Sunday, November 1, 2009

I Scream, You Scream, We All Scream For For Getting Our Lips Sewn Shut and Being Eaten By Crocodiles

Murders In the Zoo is on DVD for the first time and maybe it's the Benadryl talking but I thought it was pretty great. I am completely obsessed with Kathleen Burke, the crazily perfectly art deco looking actress. And then I noted that the film was directed by Edward Sutherland, Louise Brooks' first husband. I think he has a type. But really, she looks like a piece of illustration. Unfortunately she winds up being eaten by crocodiles. It's that kind of movie.
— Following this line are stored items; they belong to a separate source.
lemma Phi_c_eta1_le:
  fixes k n :: nat and \<alpha> r p lam :: real
  defines "d \<equiv> dpar \<alpha> n"
  assumes "k \<ge> 1" "r > 0" "0 < p" "p < 1" "lam \<ge> 0" "2 \<le> d"
    and "2 \<le> real n / d" "2 * (real n / d) \<le> real n - 1"
    and "lam * real n powr (real k * \<alpha> - 1) / ln d \<le> 1"
  shows "\<bar>Phi_c \<alpha> r p k n (real n * (1 / d + lam / (real n powr (1 - (real k - 1) * \<alpha>) * ln d)))\<bar>
    \<le> 6 * exp (2 * p / (1 - p) * real k * 2 ^ k * (r * lam))
      * exp (- (lam^2) * (real n powr ((2 * real k - 1) * \<alpha> - 1) / (ln d)^2)
             / (2 + lam * real n powr (real k * \<alpha> - 1) / ln d))"
proof -
  define x where "x = lam / (real n powr (1 - (real k - 1) * \<alpha>) * ln d)"
  have n: "n > 0" using assms(8) by (cases n) auto
  have L: "ln d > 0" using assms(7) by simp
  then have "ln (dpar \<alpha> n) \<noteq> 0" by (simp add: d_def)
  note S = eta1_scaling[OF n this, where lam = lam and k = k, folded d_def, folded x_def]
  have "x \<ge> 0" using assms(6) L by (simp add: x_def)
  note P = Phi_c_le[where k = k and n = n and \<alpha> = \<alpha> and r = r and p = p and x = x,
    folded d_def, OF assms(2-5,7) this _ assms(8,9)]
  have "r * mpar \<alpha> n * (1 / d) ^ k * (x * d) = r * lam" using S(3) by (simp add: mult.assoc)
  then show ?thesis
    using P assms(10) unfolding x_def[symmetric] S(1) S(2) by (simp add: ac_simps)
qed

theorem lemma4p6:
  fixes k :: nat and \<alpha> r p lam :: real
  assumes "k \<ge> 2" and "\<alpha> > 0" and "r > 0" and "0 < p" and "p < 1"
    and "(2 * real k - 1) * \<alpha> > 1" and "real k * \<alpha> \<le> 1"
    and "real k \<ge> tau p * ln (tau p) / (tau p - 1)"
    and "r < 1 / ln (tau p)"
    and "lam > 0"
  shows "\<exists>\<epsilon> :: nat \<Rightarrow> real. \<epsilon> \<longlonglongrightarrow> 0 \<and>
    (\<lambda>n. Phi_c \<alpha> r p k n
           (real n * (1 / dpar \<alpha> n
              + lam / (real n powr (1 - (real k - 1) * \<alpha>) * ln (dpar \<alpha> n)))))
    \<in> o(\<lambda>n. exp (- (lam\<^sup>2 / 2 + \<epsilon> n)
                  * real n powr ((2 * real k - 1) * \<alpha> - 1) / (ln (dpar \<alpha> n))\<^sup>2))"
proof -
  have "2 * \<alpha> \<le> real k * \<alpha>" using assms(1,2) by simp
  then have \<alpha>: "\<alpha> < 1" using assms(7) by linarith
  define G u K where
    "G n = real n powr ((2 * real k - 1) * \<alpha> - 1) / (ln (dpar \<alpha> n))^2" and
    "u n = lam * real n powr (real k * \<alpha> - 1) / ln (dpar \<alpha> n)" and
    "K = 6 * exp (2 * p / (1 - p) * real k * 2 ^ k * (r * lam))" for n
  have "(\<lambda>n. lam * (real n powr (real k * \<alpha> - 1) / ln (real n powr \<alpha>))) \<longlonglongrightarrow> lam * 0"
    using powr_div_ln_powr_tendsto_0[of \<alpha> "real k * \<alpha> - 1"] assms(2,7) by (intro tendsto_intros) simp
  then have u: "u \<longlonglongrightarrow> 0" by (simp add: u_def[abs_def] dpar_def)
  have G: "filterlim G at_top sequentially"
    unfolding G_def[abs_def] dpar_def using assms(2,6) by real_asymp
  have "eventually (\<lambda>n. 2 \<le> dpar \<alpha> n) sequentially"
    and "eventually (\<lambda>n. 2 \<le> real n / dpar \<alpha> n) sequentially"
    and "eventually (\<lambda>n. 2 * (real n / dpar \<alpha> n) \<le> real n - 1) sequentially"
    unfolding dpar_def using assms(2) \<alpha> by real_asymp+
  moreover have "eventually (\<lambda>n. u n \<le> 1) sequentially"
    using order_tendstoD(2)[OF u, of 1] by (auto elim: eventually_mono)
  ultimately have "eventually (\<lambda>n. \<bar>Phi_c \<alpha> r p k n
           (real n * (1 / dpar \<alpha> n + lam / (real n powr (1 - (real k - 1) * \<alpha>) * ln (dpar \<alpha> n))))\<bar>
      \<le> K * exp (- (lam\<^sup>2) * G n / (2 + u n))) sequentially"
  proof eventually_elim
    case (elim n)
    then show ?case
      using Phi_c_eta1_le[where k = k and n = n and \<alpha> = \<alpha> and r = r and p = p and lam = lam] assms
      unfolding G_def u_def K_def by simp
  qed
  from smallo_exp_of_le[OF u G this] show ?thesis by (simp add: G_def)
qed

end
lemma F3_square_nonzero: "(x::3) \<noteq> 0 \<Longrightarrow> x * x = 1"
  using F3_cases[of x] by auto

definition words_on :: "nat set \<Rightarrow> (nat \<Rightarrow> 3) set" where
  "words_on S = {x. \<forall>k. k \<notin> S \<longrightarrow> x k = 0}"

definition projects_onto :: "nat set \<Rightarrow> (nat \<Rightarrow> 3) set \<Rightarrow> bool" where
  "projects_onto S C \<longleftrightarrow> (\<forall>v. \<exists>x\<in>C. \<forall>k\<in>S. x k = v k)"

definition vanishing_on :: "nat set \<Rightarrow> (nat \<Rightarrow> 3) set \<Rightarrow> (nat \<Rightarrow> 3) set" where
  "vanishing_on S C = {x\<in>C. \<forall>k\<in>S. x k = 0}"

definition information_set :: "nat \<Rightarrow> (nat \<Rightarrow> 3) set \<Rightarrow> nat set \<Rightarrow> bool" where
  "information_set n C S \<longleftrightarrow>
     S \<subseteq> {..<n} \<and> projects_onto S C \<and> vanishing_on S C = {\<lambda>_. 0}"

lemma projects_ontoD: "projects_onto S C \<Longrightarrow> \<exists>x\<in>C. \<forall>k\<in>S. x k = v k"
  by (simp add: projects_onto_def)

lemma words_eq_words_on: "words n = words_on {..<n}"
  by (auto simp: words_def words_on_def)

lemma bij_betw_words_on_PiE:
  "bij_betw (\<lambda>x. restrict x S) (words_on S) (PiE S (\<lambda>_. UNIV))"
proof (rule bij_betw_byWitness[where f' = "\<lambda>f k. if k \<in> S then f k else 0"])
  show "\<forall>f\<in>PiE S (\<lambda>_. UNIV). restrict (\<lambda>k. if k \<in> S then f k else 0) S = f"
    by (auto simp: PiE_iff extensional_def fun_eq_iff)
qed (auto simp: words_on_def fun_eq_iff)

lemma
  assumes "finite S"
  shows finite_words_on: "finite (words_on S)"
    and card_words_on: "card (words_on S) = 3 ^ card S"
  using bij_betw_finite[OF bij_betw_words_on_PiE] bij_betw_same_card[OF bij_betw_words_on_PiE]
    assms by (simp_all add: finite_PiE card_PiE)

lemma inner3_words_on:
  assumes "S \<subseteq> {..<n}" "y \<in> words_on S"
  shows "inner3 n x y = (\<Sum>k\<in>S. x k * y k)"
  unfolding inner3_def using assms by (intro sum.mono_neutral_right) (auto simp: words_on_def)

lemma wt_words_on_le:
  assumes "finite S" "y \<in> words_on S"
  shows "wt n y \<le> card S"
  unfolding wt_def using assms by (intro card_mono) (auto simp: words_on_def)

lemma wt_le: "wt n x \<le> n"
  unfolding wt_def by (rule order.trans[OF card_mono[of "{..<n}"]]) auto

lemma wt_eq_0_iff:
  assumes "x \<in> words n"
  shows "wt n x = 0 \<longleftrightarrow> x = (\<lambda>_. 0)"
  using assms by (auto simp: wt_def words_def fun_eq_iff not_less)

lemma card_zero_coords: "card {k. k < n \<and> x k = 0} = n - wt n x"
proof -
  have "{k. k < n \<and> x k = 0} = {..<n} - {k. k < n \<and> x k \<noteq> 0}" by auto
  then show ?thesis unfolding wt_def by (simp add: card_Diff_subset subset_eq)
qed

lemma min_weight_le_wt:
  "finite C \<Longrightarrow> x \<in> C \<Longrightarrow> x \<noteq> (\<lambda>_. 0) \<Longrightarrow> min_weight n C \<le> wt n x"
  unfolding min_weight_def by (intro Min_le) auto

lemma sum_by_weight:
  assumes "finite C" and "finite W" and "wt n ` C \<subseteq> W"
  shows "(\<Sum>x\<in>C. g (wt n x)) = (\<Sum>w\<in>W. weight_count n C w * g w)"
proof -
  have "(\<Sum>x\<in>C. g (wt n x)) = (\<Sum>w\<in>W. \<Sum>x\<in>{x\<in>C. wt n x = w}. g (wt n x))"
    using assms by (intro sum.group[symmetric]) auto
  then show ?thesis by (simp add: weight_count_def)
qed

locale ternary_linear_code =
  fixes n :: nat and C :: "(nat \<Rightarrow> 3) set"
  assumes code: "ternary_code n C"
begin

lemma zero_mem: "(\<lambda>_. 0) \<in> C"
  using code by (simp add: ternary_code_def)

lemma add_mem: "x \<in> C \<Longrightarrow> y \<in> C \<Longrightarrow> (\<lambda>k. x k + y k) \<in> C"
  using code by (simp add: ternary_code_def)

lemma smult_mem: "x \<in> C \<Longrightarrow> (\<lambda>k. a * x k) \<in> C"
  using code by (simp add: ternary_code_def)

lemma diff_mem: "x \<in> C \<Longrightarrow> y \<in> C \<Longrightarrow> (\<lambda>k. x k - y k) \<in> C"
  using add_mem[OF _ smult_mem[of y "-1"], of x] by simp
Okay, she wasn't much of an actress, but it's a total shame she never wound up hanging out with the surrealists in Europe because they would have gone mad for her.

There is also some modern CSI style lab work and an inexplicably hammy turn by somebody named Charles Ruggles. This is pretty much a straight up horror movie. There's the delightfully creepy murderer played by Lionel Atwill, a bunch of people who are there to be killed, and the love interest (the boring couple who survive). But Charles Ruggles gets top billing as the unnecessary and annoying Zoo publicist. Since when does the unnecessary comic relief get top billing? I have a feeling someone if the front office thought the movie was "too dark" and it needed someone more famous, so they shoe-horned in this unfunny comedian.


Lionel Atwill and Kathleen Burke

I really wonder what happened to Kathleen Burke. She got married and retired from the movie business at 25. She did lots of radio until about 1940 (when she was still not yet 30) and then fell off the radar. She died in 1980, and no one's really sure what became of her in the intervening 40 years. Maybe she became a hard-boiled Chandleresque dame. But I suppose it's more likely she became a housewife and led a perfectly ordinary, uneventful life. But I can dream, can't I? Or perhaps at one point I can invent an exciting and fictional alternate 40 years and all questions will answered and all mysteries solved.

Here is the completely grisly opening sequence:



Zoo isn't on Netflix and TCM sadly doesn't have it On Demand. You can purchase the DVD at the TCM store either as a part of their Universal Cult Horror collection (which looks awesome) or individually.

1 comment:

miconian said...

I'm liking the idea of you filling in the blanks... 'The Secret Life Of Kathleen Burke,' or similar.